RECORDS SHOWN Start Marker
lemma exists_translated_triple_in_interior:
  assumes uv: "cross2 u v \<noteq> 0" and L: "convex L" "para_box a u v \<subseteq> L"
    and x: "x \<in> L" "x \<notin> para_box a u v" and touch: "touches_sides a u v q1 q2 q3 q4"
  shows "\<exists>p1 p2 p3 t. {p1, p2, p3} \<subseteq> {q1, q2, q3, q4} \<and> distinct [p1, p2, p3] \<and>
    {p1 + t, p2 + t, p3 + t} \<subseteq> interior L"
proof -
  have uv': "cross2 (-u) v \<noteq> 0" "cross2 v u \<noteq> 0" "cross2 (-v) u \<noteq> 0"
    using uv by (auto simp: cross2_def algebra_simps)
  have L': "para_box (a + u) (-u) v \<subseteq> L" "para_box a v u \<subseteq> L" "para_box (a + v) (-v) u \<subseteq> L"
    using L(2) by (simp_all add: para_box_reparam[OF uv])
  have touch': "touches_sides (a + u) (-u) v q3 q2 q1 q4" "touches_sides a v u q2 q1 q4 q3"
    "touches_sides (a + v) (-v) u q4 q1 q2 q3"
    using touch by (simp_all add: touches_sides_reparam[OF uv])
  have dist: "distinct [q1, q2, q3, q4]"
    by (rule touches_sides_distinct[OF touch])
  have triple: "\<exists>p1 p2 p3 t. {p1, p2, p3} \<subseteq> {q1, q2, q3, q4} \<and> distinct [p1, p2, p3] \<and>
      {p1 + t, p2 + t, p3 + t} \<subseteq> interior L"
    if "{p1, p2, p3} \<subseteq> {q1, q2, q3, q4}" "distinct [p1, p2, p3]"
      "\<exists>t. p1 + t \<in> interior L \<and> p2 + t \<in> interior L \<and> p3 + t \<in> interior L" for p1 p2 p3
    using that by blast
  consider "coord_u a u v x < 0" | "coord_u (a + u) (-u) v x < 0" | "coord_u a v u x < 0"
    | "coord_u (a + v) (-v) u x < 0"
    using x(2) unfolding para_box_def coord_reparam[OF uv] by fastforce
  then show ?thesis
  proof cases
    case 1
    show ?thesis
      by (rule triple[of q1 q2 q3])
        (use dist translate_touching_into_interior[OF uv L x(1) 1 touch] in auto)
  next
    case 2
    show ?thesis
      by (rule triple[of q3 q2 q1])
        (use dist translate_touching_into_interior[OF uv'(1) L(1) L'(1) x(1) 2 touch'(1)] in auto)
  next
    case 3
    show ?thesis
      by (rule triple[of q2 q1 q4])
        (use dist translate_touching_into_interior[OF uv'(2) L(1) L'(2) x(1) 3 touch'(2)] in auto)
  next
    case 4
    show ?thesis
      by (rule triple[of q4 q1 q2])
        (use dist translate_touching_into_interior[OF uv'(3) L(1) L'(3) x(1) 4 touch'(3)] in auto)
  qed
qed

lemma para_box_maximal:
  assumes uv: "cross2 u v \<noteq> 0" and c: "unimodular_basis c1 c2"
    and touch: "touches_sides a u v q1 q2 q3 q4"
    and corners: "{q1, q2, q3, q4} \<subseteq> frame_map b c1 c2 ` unit_corners"
    and L: "R_Delta2_free L" "para_box a u v \<subseteq> L"
  shows "L = para_box a u v"
proof (rule ccontr)
  assume "L \<noteq> para_box a u v"
  then obtain x where x: "x \<in> L" "x \<notin> para_box a u v"
    using L(2) by blast
  have "convex L"
    using L(1) by (simp add: R_Delta2_free_def)
  from exists_translated_triple_in_interior[OF uv this L(2) x touch]
  obtain p1 p2 p3 t where p: "{p1, p2, p3} \<subseteq> {q1, q2, q3, q4}" "distinct [p1, p2, p3]"
    and int: "{p1 + t, p2 + t, p3 + t} \<subseteq> interior L"
    by blast
  have "{p1, p2, p3} \<subseteq> frame_map b c1 c2 ` unit_corners"
    using p(1) corners by (rule order_trans)
  from R_Delta2_copy_of_corners[OF c this p(2), of t]
  obtain T where "R_unimodular_map T" "T ` Delta2 = convex hull {p1 + t, p2 + t, p3 + t}"
    by blast
  then show False
    by (rule R_Delta2_free_no_copy_in_interior[OF L(1) _ _ int])
qed

theorem proposition5p9:
  fixes P Q :: "(real^2) set"
  assumes "\<exists>T. R_unimodular_map T \<and> Q = T ` unit_square"
    and "parallelogram P"
    and "\<forall>F. F facet_of P \<longrightarrow>
           card {q. q extreme_point_of Q \<and> q \<in> rel_interior F} = 1"
    and "\<forall>F G q. F facet_of P \<and> G facet_of P \<and> q extreme_point_of Q \<and>
           q \<in> rel_interior F \<and> q \<in> rel_interior G \<longrightarrow> F = G"
  shows "maximal_R_Delta2_free P"
proof -
  obtain T where T: "R_unimodular_map T" "Q = T ` unit_square"
    using assms(1) by blast
  obtain b c1 c2 where c: "unimodular_basis c1 c2" and Q: "Q = para_box b c1 c2"
    using R_unimodular_image_unit_square[OF T(1)] unfolding T(2)[symmetric] .
  have c12: "cross2 c1 c2 \<noteq> 0"
    using c by (auto simp: unimodular_basis_def)
  obtain a u v where uv: "cross2 u v \<noteq> 0" and P: "P = para_box a u v"
    using assms(2) parallelogram_eq_para_box by blast
  have "\<exists>q\<in>{q. q extreme_point_of Q}. q \<in> rel_interior F" if "F facet_of para_box a u v" for F
  proof -
    have "{q. q extreme_point_of Q \<and> q \<in> rel_interior F} \<noteq> {}"
      using assms(3) that unfolding P by (metis card.empty zero_neq_one)
    then show ?thesis
      by blast
  qed
  then obtain q1 q2 q3 q4 where q: "q1 extreme_point_of Q" "q2 extreme_point_of Q"
    "q3 extreme_point_of Q" "q4 extreme_point_of Q" and touch: "touches_sides a u v q1 q2 q3 q4"
    using exists_touches_sides[OF uv] by blast
  have corners: "{q1, q2, q3, q4} \<subseteq> frame_map b c1 c2 ` unit_corners"
    using q extreme_point_of_para_box[OF c12] unfolding Q by blast
  have "R_Delta2_free (para_box a u v)"
    using para_box_R_Delta2_free[OF uv c12] touching_square_skew_lattice_wide[OF c touch corners]
    by blast
  then show ?thesis
    unfolding maximal_R_Delta2_free_def P using para_box_maximal[OF uv c touch corners] by blast
qed

end
text \<open>Here the direction of uw makes the angle \<phi> with the bisector of one of the six cones
  (positive or negative) of rotation a.\<close>

lemma coord_spread_polar:
  assumes wu: "w - u = complex_of_real r * cis (a + pi / 6 + real_of_int m * pi / 3 + \<phi>)"
    and r: "0 \<le> r" and \<phi>: "\<bar>\<phi>\<bar> \<le> pi / 6"
  shows "2 / sqrt 3 * coord_spread a u w \<le> r * (sqrt 3 * cos \<bar>\<phi>\<bar> + sin \<bar>\<phi>\<bar>)"
proof -
  define n where "n i = m - 2 * int i - 1" for i :: nat
  have coord: "\<bar>bisector_coord a i w - bisector_coord a i u\<bar> = r * \<bar>cos (real_of_int (n i) * pi / 3 + \<phi>)\<bar>"
    for i
  proof -
    have "a + pi / 6 + real_of_int m * pi / 3 + \<phi> - bisector a i = real_of_int (n i) * pi / 3 + \<phi>"
      unfolding n_def bisector_def by (simp add: field_simps)
    with bisector_coord_diff_polar[OF wu, of a i] show ?thesis
      using r by (simp add: abs_mult)
  qed
  define G where "G = cos \<bar>\<phi>\<bar> + cos (pi / 3 - \<bar>\<phi>\<bar>)"
  have pair: "\<bar>bisector_coord a i w - bisector_coord a i u\<bar> + \<bar>bisector_coord a i' w - bisector_coord a i' u\<bar>
      \<le> r * G" if "i < 3" "i' < 3" "i \<noteq> i'" for i i'
  proof -
    have "n i mod 3 \<noteq> n i' mod 3" using that unfolding n_def by presburger
    then have "r * (\<bar>cos (real_of_int (n i) * pi / 3 + \<phi>)\<bar> + \<bar>cos (real_of_int (n i') * pi / 3 + \<phi>)\<bar>) \<le> r * G"
      unfolding G_def by (intro mult_left_mono abs_cos_thirds_pair[OF \<phi>] r)
    then show ?thesis unfolding coord distrib_left .
  qed
  have "coord_spread a u w \<le> r * G"
    unfolding coord_spread_def using pair[of 0 1] pair[of 0 2] pair[of 1 2] by simp
  then have "2 / sqrt 3 * coord_spread a u w \<le> 2 / sqrt 3 * (r * G)" by (rule mult_left_mono) simp
  also have "\<dots> = r * (sqrt 3 * cos \<bar>\<phi>\<bar> + sin \<bar>\<phi>\<bar>)"
  proof -
    have G_eq: "G = 3 / 2 * cos \<bar>\<phi>\<bar> + sqrt 3 / 2 * sin \<bar>\<phi>\<bar>"
      unfolding G_def by (simp add: cos_diff cos_60 sin_60)
    show ?thesis unfolding G_eq by (simp add: field_simps)
  qed
  finally show ?thesis .
qed

lemma sqrt3_cos_plus_sin_mono:
  assumes "0 \<le> s" "s \<le> t" "t \<le> pi / 6"
  shows "sqrt 3 * cos s + sin s \<le> sqrt 3 * cos t + sin t"
proof -
  have e: "sqrt 3 * cos x + sin x = 2 * cos (pi / 6 - x)" for x
    by (simp add: cos_diff cos_30 sin_30)
  have "cos (pi / 6 - s) \<le> cos (pi / 6 - t)" using assms by (subst cos_mono_le_eq) auto
  then show ?thesis unfolding e by simp
qed

text \<open>The bisector directions of the 6k cones of all k rotations are spaced pi/(3k) apart.\<close>

lemma exists_rotation_near_bisector:
  assumes k: "1 \<le> k"
  obtains j m \<phi> where "j < k" "\<bar>\<phi>\<bar> \<le> pi / (6 * real k)"
    "\<theta> = rot_angle k j + pi / 6 + real_of_int m * pi / 3 + \<phi>"
proof -
  define \<delta> where "\<delta> = pi / (3 * real k)"
  have \<delta>: "0 < \<delta>" "\<delta> * real k = pi / 3" using k by (auto simp: \<delta>_def field_simps)
  define x where "x = (\<theta> - pi / 6) / \<delta>"
  define N where "N = \<lfloor>x + 1 / 2\<rfloor>"
  define \<phi> where "\<phi> = \<theta> - pi / 6 - real_of_int N * \<delta>"
  have "real_of_int N \<le> x + 1 / 2" "x + 1 / 2 < real_of_int N + 1" unfolding N_def by linarith+
  then have "\<bar>x - real_of_int N\<bar> \<le> 1 / 2" by linarith
  moreover have "\<bar>\<phi>\<bar> = \<delta> * \<bar>x - real_of_int N\<bar>"
    unfolding \<phi>_def x_def using \<delta>(1) by (simp add: field_simps flip: abs_mult)
  ultimately have "\<bar>\<phi>\<bar> \<le> \<delta> * (1 / 2)" using \<delta>(1) by (simp add: mult_left_mono)
  then have \<phi>_le: "\<bar>\<phi>\<bar> \<le> pi / (6 * real k)" by (simp add: \<delta>_def)
  define m where "m = N div int k"
  define j where "j = nat (N mod int k)"
  have "0 \<le> N mod int k" "N mod int k < int k" using k by auto
  then have j: "j < k" and jN: "int j = N mod int k" unfolding j_def by auto
  have "N = m * int k + int j" unfolding jN m_def by simp
  then have "real_of_int N * \<delta> = real_of_int m * (\<delta> * real k) + real j * \<delta>"
    by (simp add: algebra_simps)
  then have "\<theta> = rot_angle k j + pi / 6 + real_of_int m * pi / 3 + \<phi>"
    using \<delta>(2) unfolding \<phi>_def rot_angle_def \<delta>_def by simp
  with j \<phi>_le show ?thesis by (rule that)
qed

lemma exists_rotation_spread_bound:
  assumes k: "1 \<le> k"
  obtains j where "j < k" "2 / sqrt 3 * coord_spread (rot_angle k j) u w
    \<le> (sqrt 3 * cos (pi / (6 * real k)) + sin (pi / (6 * real k))) * dist u w"
proof -
  obtain j m \<phi> where j: "j < k" and \<phi>: "\<bar>\<phi>\<bar> \<le> pi / (6 * real k)"
    and \<theta>: "Arg (w - u) = rot_angle k j + pi / 6 + real_of_int m * pi / 3 + \<phi>"
    by (rule exists_rotation_near_bisector[OF k])
  have "w - u = complex_of_real (cmod (w - u)) * cis (Arg (w - u))"
    using rcis_cmod_Arg[of "w - u"] by (simp add: rcis_def)
  then have wu: "w - u = complex_of_real (dist u w) * cis (rot_angle k j + pi / 6 + real_of_int m * pi / 3 + \<phi>)"
    unfolding \<theta> by (simp add: dist_norm norm_minus_commute)
  have t6: "pi / (6 * real k) \<le> pi / 6" using k by (simp add: field_simps)
  have "2 / sqrt 3 * coord_spread (rot_angle k j) u w \<le> dist u w * (sqrt 3 * cos \<bar>\<phi>\<bar> + sin \<bar>\<phi>\<bar>)"
    by (rule coord_spread_polar[OF wu]) (use \<phi> t6 in auto)
  also have "\<dots> \<le> dist u w * (sqrt 3 * cos (pi / (6 * real k)) + sin (pi / (6 * real k)))"
    by (intro mult_left_mono sqrt3_cos_plus_sin_mono) (use \<phi> t6 in auto)
  finally show ?thesis using that[OF j] by (simp add: mult.commute)
qed

theorem corollary2:
  fixes k n :: nat and P :: "complex set"
  assumes "k \<ge> 1" and "finite P" and "card P = n" and "general_position k P"
  shows "card (union_edges k P) \<le> 3 * k * n \<and>
    (\<forall>u\<in>P. \<forall>w\<in>P. \<exists>xs. is_path (union_edges k P) xs u w \<and>
       path_length xs \<le> (sqrt 3 * cos (pi / (6 * real k)) + sin (pi / (6 * real k))) * dist u w)"
proof -
  have G: "theta6_general_position P (rot_angle k j)" if "j < k" for j
    using assms(2,4) that by (rule theta6_general_position_rotation)
  have "card (union_edges k P) \<le> (\<Sum>j<k. card (half_theta6_edges P (rot_angle k j)))"
    unfolding union_edges_def by (rule card_UN_le) simp
  also have "\<dots> \<le> (\<Sum>j<k. 3 * n)"
    using theta6_general_position.card_half_theta6_edges[OF G] assms(3) by (intro sum_mono) auto
  also have "\<dots> = 3 * k * n" by (simp add: algebra_simps)
  finally have card: "card (union_edges k P) \<le> 3 * k * n" .
  have "\<exists>xs. is_path (union_edges k P) xs u w \<and>
      path_length xs \<le> (sqrt 3 * cos (pi / (6 * real k)) + sin (pi / (6 * real k))) * dist u w"
    if u: "u \<in> P" and w: "w \<in> P" for u w
  proof -
    obtain j where j: "j < k" and bound: "2 / sqrt 3 * coord_spread (rot_angle k j) u w
        \<le> (sqrt 3 * cos (pi / (6 * real k)) + sin (pi / (6 * real k))) * dist u w"
      by (rule exists_rotation_spread_bound[OF assms(1)])
    have "half_theta6_edges P (rot_angle k j) \<subseteq> union_edges k P"
      unfolding union_edges_def using j by blast
    with theta6_general_position.short_walk_coord_spread[OF G[OF j] u w] bound
    show ?thesis by (blast intro: short_walk_imp_path short_walk_mono short_walk_weaken)
  qed
  with card show ?thesis by blast
qed
(* Let $p$ be prime, $\mathbb{F}=\mathbb{F}_p$, $n\ge1$. Let $r_1,\dots,r_n$ be chosen uniformly and independently from $\mathbb{F}^N$. For each nonzero sequence $\kappa=(k_1,\dots,k_n)$ with $0\le k_i<p$, let $X_\kappa=\sum_{j=1}^N\prod_{i=1}^nr_i(j)^{k_i}$, and let $X=(X_\kappa)_\kappa\in\mathbb{F}^{K}$, $K=p^n-1$. Let $P$ be the distribution of $X$ and $U$ the uniform distribution on $\mathbb{F}^K$. Then there are constants $c>0$ and $N_0$ depending on $n,p$ but not on $N$ such that for all $N\ge N_0$, $$\|P-U\|_1\le\exp\{-cN\}.$$
   Context: $\|\cdot\|_1$ is the statistical ($\ell_1$) distance between distributions on $\mathbb{F}^K$; $r(j)$ is the $j$-th coordinate of $r$. *)

theory Defs
  imports "HOL-Probability.Probability"
begin

text \<open>Elements of F_p are represented by naturals in {0..<p}; arithmetic is taken mod p.
  The n vectors r_1..r_N in F^N are encoded as one function r on index pairs (i,j),
  i < n (vector index, 0-based), j < N (coordinate, 0-based), r(i,j) = r_{i+1}(j+1).\<close>

definition exps :: "nat \<Rightarrow> nat \<Rightarrow> (nat \<Rightarrow> nat) set" where
  "exps p n = (PiE {0..<n} (\<lambda>_. {0..<p})) - {restrict (\<lambda>_. 0) {0..<n}}"

definition samples :: "nat \<Rightarrow> nat \<Rightarrow> nat \<Rightarrow> (nat \<times> nat \<Rightarrow> nat) set" where
  "samples p n N = PiE ({0..<n} \<times> {0..<N}) (\<lambda>_. {0..<p})"

definition Xvec :: "nat \<Rightarrow> nat \<Rightarrow> nat \<Rightarrow> (nat \<times> nat \<Rightarrow> nat) \<Rightarrow> ((nat \<Rightarrow> nat) \<Rightarrow> nat)" where
  "Xvec p n N r = restrict (\<lambda>\<kappa>. (\<Sum>j<N. \<Prod>i<n. r (i, j) ^ \<kappa> i) mod p) (exps p n)"

definition target :: "nat \<Rightarrow> nat \<Rightarrow> ((nat \<Rightarrow> nat) \<Rightarrow> nat) set" where
  "target p n = PiE (exps p n) (\<lambda>_. {0..<p})"

definition distP :: "nat \<Rightarrow> nat \<Rightarrow> nat \<Rightarrow> ((nat \<Rightarrow> nat) \<Rightarrow> nat) pmf" where
  "distP p n N = map_pmf (Xvec p n N) (pmf_of_set (samples p n N))"

definition distU :: "nat \<Rightarrow> nat \<Rightarrow> ((nat \<Rightarrow> nat) \<Rightarrow> nat) pmf" where
  "distU p n = pmf_of_set (target p n)"

definition l1_dist :: "nat \<Rightarrow> nat \<Rightarrow> nat \<Rightarrow> real" where
  "l1_dist p n N = (\<Sum>x\<in>target p n. \<bar>pmf (distP p n N) x - pmf (distU p n) x\<bar>)"

end

theory Submission
  imports Defs "HOL-Number_Theory.Number_Theory"
begin

text \<open>
  For v in F^n let m(v) be the vector of all monomials v^kappa, kappa ranging over the
  nonzero exponent vectors. X is the sum of N independent copies of m(v) with v uniform,
  so its law is the N-fold convolution of one fixed law on the group F^K.
  Power sums over F vanish unless the exponent is a positive multiple of p - 1; this yields
  polynomials dual to the monomials, so the vectors m(v) span F^K. As m(0) = 0, every
  point of F^K is therefore a sum of exactly m = (p - 1) p^n vectors m(v), i.e. the m-fold
  convolution power gives every point probability at least delta = p^(-n m).
  Convolving with a law that dominates delta times the counting measure contracts the
  l1-distance to the uniform law by the factor 1 - p^K delta < 1 (Doeblin's argument),
  so the distance decays geometrically along N, N + m, N + 2m, ...
\<close>

section \<open>Power sums over the prime field and a dual basis of monomials\<close>

lemma sum_powers_mod_prime_nondvd:
  fixes p e :: nat
  assumes p: "prime p" and e: "\<not> (p - 1) dvd e"
  shows "[(\<Sum>x<p. x ^ e) = 0] (mod p)"
proof -
  have p1: "p > 1" using p prime_gt_1_nat by blast
  obtain g where "residue_primroot p g" using prime_primitive_root_exists[OF p1 p] by blast
  then have cop: "coprime p g" and ord: "ord p g = p - 1"
    using p by (auto simp: residue_primroot_def totient_prime)
  define S where "S = (\<Sum>x<p. x ^ e)"
  have inj: "inj_on (\<lambda>x. (g * x) mod p) {..<p}"
  proof (rule inj_onI)
    fix x y assume x: "x \<in> {..<p}" and y: "y \<in> {..<p}" and "(g * x) mod p = (g * y) mod p"
    then have "[x = y] (mod p)" using cop by (metis cong_def cong_mult_lcancel_nat coprime_commute)
    then show "x = y" using x y cong_less_modulus_unique_nat by auto
  qed
  then have "(\<lambda>x. (g * x) mod p) ` {..<p} = {..<p}"
    using p1 by (intro endo_inj_surj) auto
  then have "S = (\<Sum>x<p. ((g * x) mod p) ^ e)"
    unfolding S_def using sum.reindex[OF inj, of "\<lambda>x. x ^ e"] by simp
  also have "[\<dots> = (\<Sum>x<p. g ^ e * x ^ e)] (mod p)"
    by (rule cong_sum) (simp add: cong_def power_mod power_mult_distrib)
  also have "(\<Sum>x<p. g ^ e * x ^ e) = g ^ e * S" by (simp add: S_def sum_distrib_left)
  finally have gS: "[1 * S = g ^ e * S] (mod p)" by simp
  show ?thesis
  proof (rule ccontr)
    assume "\<not> ?thesis"
    then have "coprime S p"
      using p unfolding S_def by (metis cong_0_iff coprime_commute prime_imp_coprime)
    then have "[g ^ e = 1] (mod p)" using gS cong_mult_rcancel_nat cong_sym by blast
    then show False using ord e ord_divides[of g e p] by simp
  qed
qed

lemma sum_powers_mod_prime_dvd:
  fixes p e :: nat
  assumes p: "prime p" and e: "e \<ge> 1" and d: "(p - 1) dvd e"
  shows "[(\<Sum>x<p. x ^ e) = p - 1] (mod p)"
proof -
  obtain q where q: "e = (p - 1) * q" using d by blast
  have "{..<p} = insert 0 {1..<p}" using prime_gt_1_nat[OF p] by auto
  then have "(\<Sum>x<p. x ^ e) = (\<Sum>x\<in>{1..<p}. x ^ e)" using e by simp
  also have "[\<dots> = (\<Sum>x\<in>{1..<p}. 1)] (mod p)"
  proof (rule cong_sum)
    fix x assume "x \<in> {1..<p}"
    then have "\<not> p dvd x" by (auto dest: dvd_imp_le)
    then have "[x ^ (p - 1) = 1] (mod p)" using fermat_theorem p by blast
    then have "[(x ^ (p - 1)) ^ q = 1 ^ q] (mod p)" by (rule cong_pow)
    then show "[x ^ e = 1] (mod p)" by (simp add: q power_mult)
  qed
  finally show ?thesis by simp
qed

lemma sum_powers_mod_prime:
  fixes p e :: nat
  assumes p: "prime p"
  shows "[(\<Sum>x<p. int x ^ e) = (if e \<ge> 1 \<and> (p - 1) dvd e then -1 else 0)] (mod int p)"
proof -
  consider "e \<ge> 1 \<and> (p - 1) dvd e" | "e = 0" | "\<not> (p - 1) dvd e" by (cases "e = 0") auto
  then show ?thesis
  proof cases
    case 1
    have "[(\<Sum>x<p. x ^ e) = p - 1] (mod p)" using 1 by (intro sum_powers_mod_prime_dvd[OF p]) auto
    then have "[int (\<Sum>x<p. x ^ e) = int (p - 1)] (mod int p)" by (simp only: cong_int_iff)
    also have "int (p - 1) = int p - 1" using prime_gt_1_nat[OF p] by simp
    also have "[int p - 1 = - 1] (mod int p)" by (simp add: cong_iff_dvd_diff)
    finally show ?thesis using 1 by simp
  next
    case 2
    then show ?thesis by (simp add: cong_0_iff)
  next
    case 3
    then have "[(\<Sum>x<p. x ^ e) = 0] (mod p)" by (rule sum_powers_mod_prime_nondvd[OF p])
    then have "[int (\<Sum>x<p. x ^ e) = int 0] (mod int p)" by (simp only: cong_int_iff)
    then show ?thesis using 3 by simp
  qed
qed

text \<open>1 - x^(p-1) is the indicator of x = 0. For k > 0, multiplying x^j by -x^(p-1-k) and
  summing over F_p keeps only j = k: the only exponent sums that survive are positive multiples
  of p - 1.\<close>

definition monomial_dual :: "nat \<Rightarrow> nat \<Rightarrow> int \<Rightarrow> int" where
  "monomial_dual p k x = (if k = 0 then 1 - x ^ (p - 1) else - (x ^ (p - 1 - k)))"

lemma shifted_exponent_positive_multiple_iff:
  fixes p j k :: nat
  assumes "1 \<le> k" "k < p" "j < p"
  shows "(1 \<le> j + (p - 1 - k) \<and> (p - 1) dvd (j + (p - 1 - k))) \<longleftrightarrow> j = k"
proof
  assume h: "1 \<le> j + (p - 1 - k) \<and> (p - 1) dvd (j + (p - 1 - k))"
  then obtain q where q: "j + (p - 1 - k) = (p - 1) * q" by blast
  have "q \<noteq> 0" using h q by auto
  moreover have "\<not> q \<ge> 2"
  proof
    assume "q \<ge> 2"
    then have "(p - 1) * 2 \<le> (p - 1) * q" by (rule mult_le_mono2)
    then show False using q assms by linarith
  qed
  ultimately have "j + (p - 1 - k) = p - 1" using q by (simp add: numeral_2_eq_2 not_less_eq_eq le_Suc_eq)
  then show "j = k" using assms by linarith
qed (use assms in simp)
RECORDS SHOWN End Marker
> [EXERCISE GOAL]: Which lines of the data contain "lambda"? Copy them all.

> [ANSWER TO THIS PROBLEM]:
  "exps p n = (PiE {0..<n} (\<lambda>_. {0..<p})) - {restrict (\<lambda>_. 0) {0..<n}}"
  "samples p n N = PiE ({0..<n} \<times> {0..<N}) (\<lambda>_. {0..<p})"
  "Xvec p n N r = restrict (\<lambda>\<kappa>. (\<Sum>j<N. \<Prod>i<n. r (i, j) ^ \<kappa> i) mod p) (exps p n)"
  "target p n = PiE (exps p n) (\<lambda>_. {0..<p})"
  have inj: "inj_on (\<lambda>x. (g * x) mod p) {..<p}"
  then have "(\<lambda>x. (g * x) mod p) ` {..<p} = {..<p}"
    unfolding S_def using sum.reindex[OF inj, of "\<lambda>x. x ^ e"] by simp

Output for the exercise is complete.